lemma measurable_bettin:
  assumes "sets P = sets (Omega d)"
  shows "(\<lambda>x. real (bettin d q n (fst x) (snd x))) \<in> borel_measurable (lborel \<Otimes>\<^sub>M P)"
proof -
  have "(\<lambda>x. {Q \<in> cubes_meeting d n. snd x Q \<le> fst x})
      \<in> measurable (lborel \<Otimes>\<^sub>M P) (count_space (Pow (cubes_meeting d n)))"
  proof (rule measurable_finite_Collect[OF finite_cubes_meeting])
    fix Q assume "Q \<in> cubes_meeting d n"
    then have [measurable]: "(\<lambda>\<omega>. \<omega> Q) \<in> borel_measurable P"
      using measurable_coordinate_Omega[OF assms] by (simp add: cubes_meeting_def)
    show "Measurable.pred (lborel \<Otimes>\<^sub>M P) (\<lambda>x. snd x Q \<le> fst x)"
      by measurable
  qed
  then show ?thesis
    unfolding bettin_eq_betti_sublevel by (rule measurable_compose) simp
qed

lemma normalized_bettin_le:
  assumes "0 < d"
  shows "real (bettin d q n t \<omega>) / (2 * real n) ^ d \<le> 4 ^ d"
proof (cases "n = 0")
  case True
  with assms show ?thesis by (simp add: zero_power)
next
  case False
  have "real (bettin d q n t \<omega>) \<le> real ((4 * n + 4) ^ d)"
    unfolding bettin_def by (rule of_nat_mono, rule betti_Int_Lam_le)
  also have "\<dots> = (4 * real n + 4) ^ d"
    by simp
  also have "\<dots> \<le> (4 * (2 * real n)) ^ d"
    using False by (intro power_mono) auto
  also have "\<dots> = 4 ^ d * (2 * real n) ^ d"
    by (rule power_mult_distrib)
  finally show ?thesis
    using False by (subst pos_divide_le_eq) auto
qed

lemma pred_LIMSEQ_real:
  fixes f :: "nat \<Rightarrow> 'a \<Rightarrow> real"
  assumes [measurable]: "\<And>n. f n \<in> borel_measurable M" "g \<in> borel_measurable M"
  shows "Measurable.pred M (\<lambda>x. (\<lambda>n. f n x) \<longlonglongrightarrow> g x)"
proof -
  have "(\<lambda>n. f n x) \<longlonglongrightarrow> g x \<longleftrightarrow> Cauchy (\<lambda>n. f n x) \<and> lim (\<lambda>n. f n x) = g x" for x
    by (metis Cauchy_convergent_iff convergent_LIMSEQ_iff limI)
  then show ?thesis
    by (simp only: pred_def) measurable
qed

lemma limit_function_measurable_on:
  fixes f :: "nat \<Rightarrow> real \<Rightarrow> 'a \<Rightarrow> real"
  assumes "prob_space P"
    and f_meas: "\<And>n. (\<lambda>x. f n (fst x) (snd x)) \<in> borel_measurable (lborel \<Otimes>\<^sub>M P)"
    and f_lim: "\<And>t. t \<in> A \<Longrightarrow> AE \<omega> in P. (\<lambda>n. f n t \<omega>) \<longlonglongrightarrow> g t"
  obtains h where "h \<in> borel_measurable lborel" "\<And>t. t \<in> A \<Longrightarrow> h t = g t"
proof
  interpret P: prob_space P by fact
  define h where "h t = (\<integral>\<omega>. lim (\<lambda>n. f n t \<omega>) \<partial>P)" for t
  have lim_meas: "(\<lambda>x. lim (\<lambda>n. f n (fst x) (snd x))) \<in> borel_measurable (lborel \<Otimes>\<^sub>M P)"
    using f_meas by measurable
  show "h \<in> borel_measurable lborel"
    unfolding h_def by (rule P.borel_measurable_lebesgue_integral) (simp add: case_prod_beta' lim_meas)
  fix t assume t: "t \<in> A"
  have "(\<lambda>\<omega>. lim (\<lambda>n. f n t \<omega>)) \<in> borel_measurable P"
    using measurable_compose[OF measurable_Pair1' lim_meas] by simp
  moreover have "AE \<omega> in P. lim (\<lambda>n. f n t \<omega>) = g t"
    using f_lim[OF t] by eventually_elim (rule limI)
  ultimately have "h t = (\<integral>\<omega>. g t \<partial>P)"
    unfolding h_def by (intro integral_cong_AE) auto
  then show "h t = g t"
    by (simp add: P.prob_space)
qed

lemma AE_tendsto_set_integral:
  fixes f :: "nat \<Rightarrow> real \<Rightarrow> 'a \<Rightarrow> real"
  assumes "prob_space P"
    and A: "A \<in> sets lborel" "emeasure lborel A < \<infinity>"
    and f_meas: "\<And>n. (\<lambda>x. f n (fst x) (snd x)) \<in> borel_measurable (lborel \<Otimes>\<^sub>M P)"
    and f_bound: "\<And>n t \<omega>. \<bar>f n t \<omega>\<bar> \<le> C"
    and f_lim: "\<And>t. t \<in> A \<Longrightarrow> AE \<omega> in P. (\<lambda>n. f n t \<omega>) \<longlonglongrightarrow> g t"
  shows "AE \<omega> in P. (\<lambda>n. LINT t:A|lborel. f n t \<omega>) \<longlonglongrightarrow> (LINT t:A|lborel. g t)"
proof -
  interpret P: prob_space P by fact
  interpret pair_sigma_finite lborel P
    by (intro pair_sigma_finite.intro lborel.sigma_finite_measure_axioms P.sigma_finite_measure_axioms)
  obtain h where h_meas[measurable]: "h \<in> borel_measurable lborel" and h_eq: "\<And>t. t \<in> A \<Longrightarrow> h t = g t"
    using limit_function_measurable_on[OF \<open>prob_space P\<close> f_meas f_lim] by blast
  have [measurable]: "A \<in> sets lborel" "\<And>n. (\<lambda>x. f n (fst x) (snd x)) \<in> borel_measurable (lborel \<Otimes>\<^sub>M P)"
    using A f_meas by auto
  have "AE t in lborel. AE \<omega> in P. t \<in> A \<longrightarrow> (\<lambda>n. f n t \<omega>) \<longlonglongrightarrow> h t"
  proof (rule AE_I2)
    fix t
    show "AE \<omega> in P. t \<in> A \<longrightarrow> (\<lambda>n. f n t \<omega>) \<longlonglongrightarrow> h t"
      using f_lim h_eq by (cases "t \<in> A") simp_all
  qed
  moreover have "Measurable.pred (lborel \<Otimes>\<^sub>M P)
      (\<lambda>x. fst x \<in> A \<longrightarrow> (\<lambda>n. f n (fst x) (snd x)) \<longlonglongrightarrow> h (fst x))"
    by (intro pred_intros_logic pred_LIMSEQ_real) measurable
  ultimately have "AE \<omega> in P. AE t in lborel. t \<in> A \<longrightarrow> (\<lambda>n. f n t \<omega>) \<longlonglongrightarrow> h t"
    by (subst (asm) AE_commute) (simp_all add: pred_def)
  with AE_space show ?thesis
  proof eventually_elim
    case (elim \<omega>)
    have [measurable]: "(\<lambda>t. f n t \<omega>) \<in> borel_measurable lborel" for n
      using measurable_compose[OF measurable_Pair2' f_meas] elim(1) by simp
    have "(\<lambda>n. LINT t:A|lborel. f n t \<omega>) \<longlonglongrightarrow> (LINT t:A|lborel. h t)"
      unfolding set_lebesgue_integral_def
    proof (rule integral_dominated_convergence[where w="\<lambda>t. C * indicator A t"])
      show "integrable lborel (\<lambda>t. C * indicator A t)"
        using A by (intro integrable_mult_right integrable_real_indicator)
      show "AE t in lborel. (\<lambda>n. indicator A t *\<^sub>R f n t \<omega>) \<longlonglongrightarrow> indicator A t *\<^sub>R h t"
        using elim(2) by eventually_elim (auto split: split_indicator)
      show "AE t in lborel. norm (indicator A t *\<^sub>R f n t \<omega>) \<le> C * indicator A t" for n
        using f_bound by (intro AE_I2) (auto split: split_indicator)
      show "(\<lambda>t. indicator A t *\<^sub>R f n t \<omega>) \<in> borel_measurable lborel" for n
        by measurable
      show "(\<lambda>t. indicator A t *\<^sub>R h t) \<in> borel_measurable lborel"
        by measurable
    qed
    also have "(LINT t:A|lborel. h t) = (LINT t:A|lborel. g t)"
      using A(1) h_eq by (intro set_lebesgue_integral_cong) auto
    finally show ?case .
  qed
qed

» **THE PROBLEM**
Your output must be the lines of the material above, from the first through the line that contains "proof (rule measurable_finite_Collect[OF", copied exactly. Include both endpoints and nothing else.

» **SOLUTION**
lemma measurable_bettin:
  assumes "sets P = sets (Omega d)"
  shows "(\<lambda>x. real (bettin d q n (fst x) (snd x))) \<in> borel_measurable (lborel \<Otimes>\<^sub>M P)"
proof -
  have "(\<lambda>x. {Q \<in> cubes_meeting d n. snd x Q \<le> fst x})
      \<in> measurable (lborel \<Otimes>\<^sub>M P) (count_space (Pow (cubes_meeting d n)))"
  proof (rule measurable_finite_Collect[OF finite_cubes_meeting])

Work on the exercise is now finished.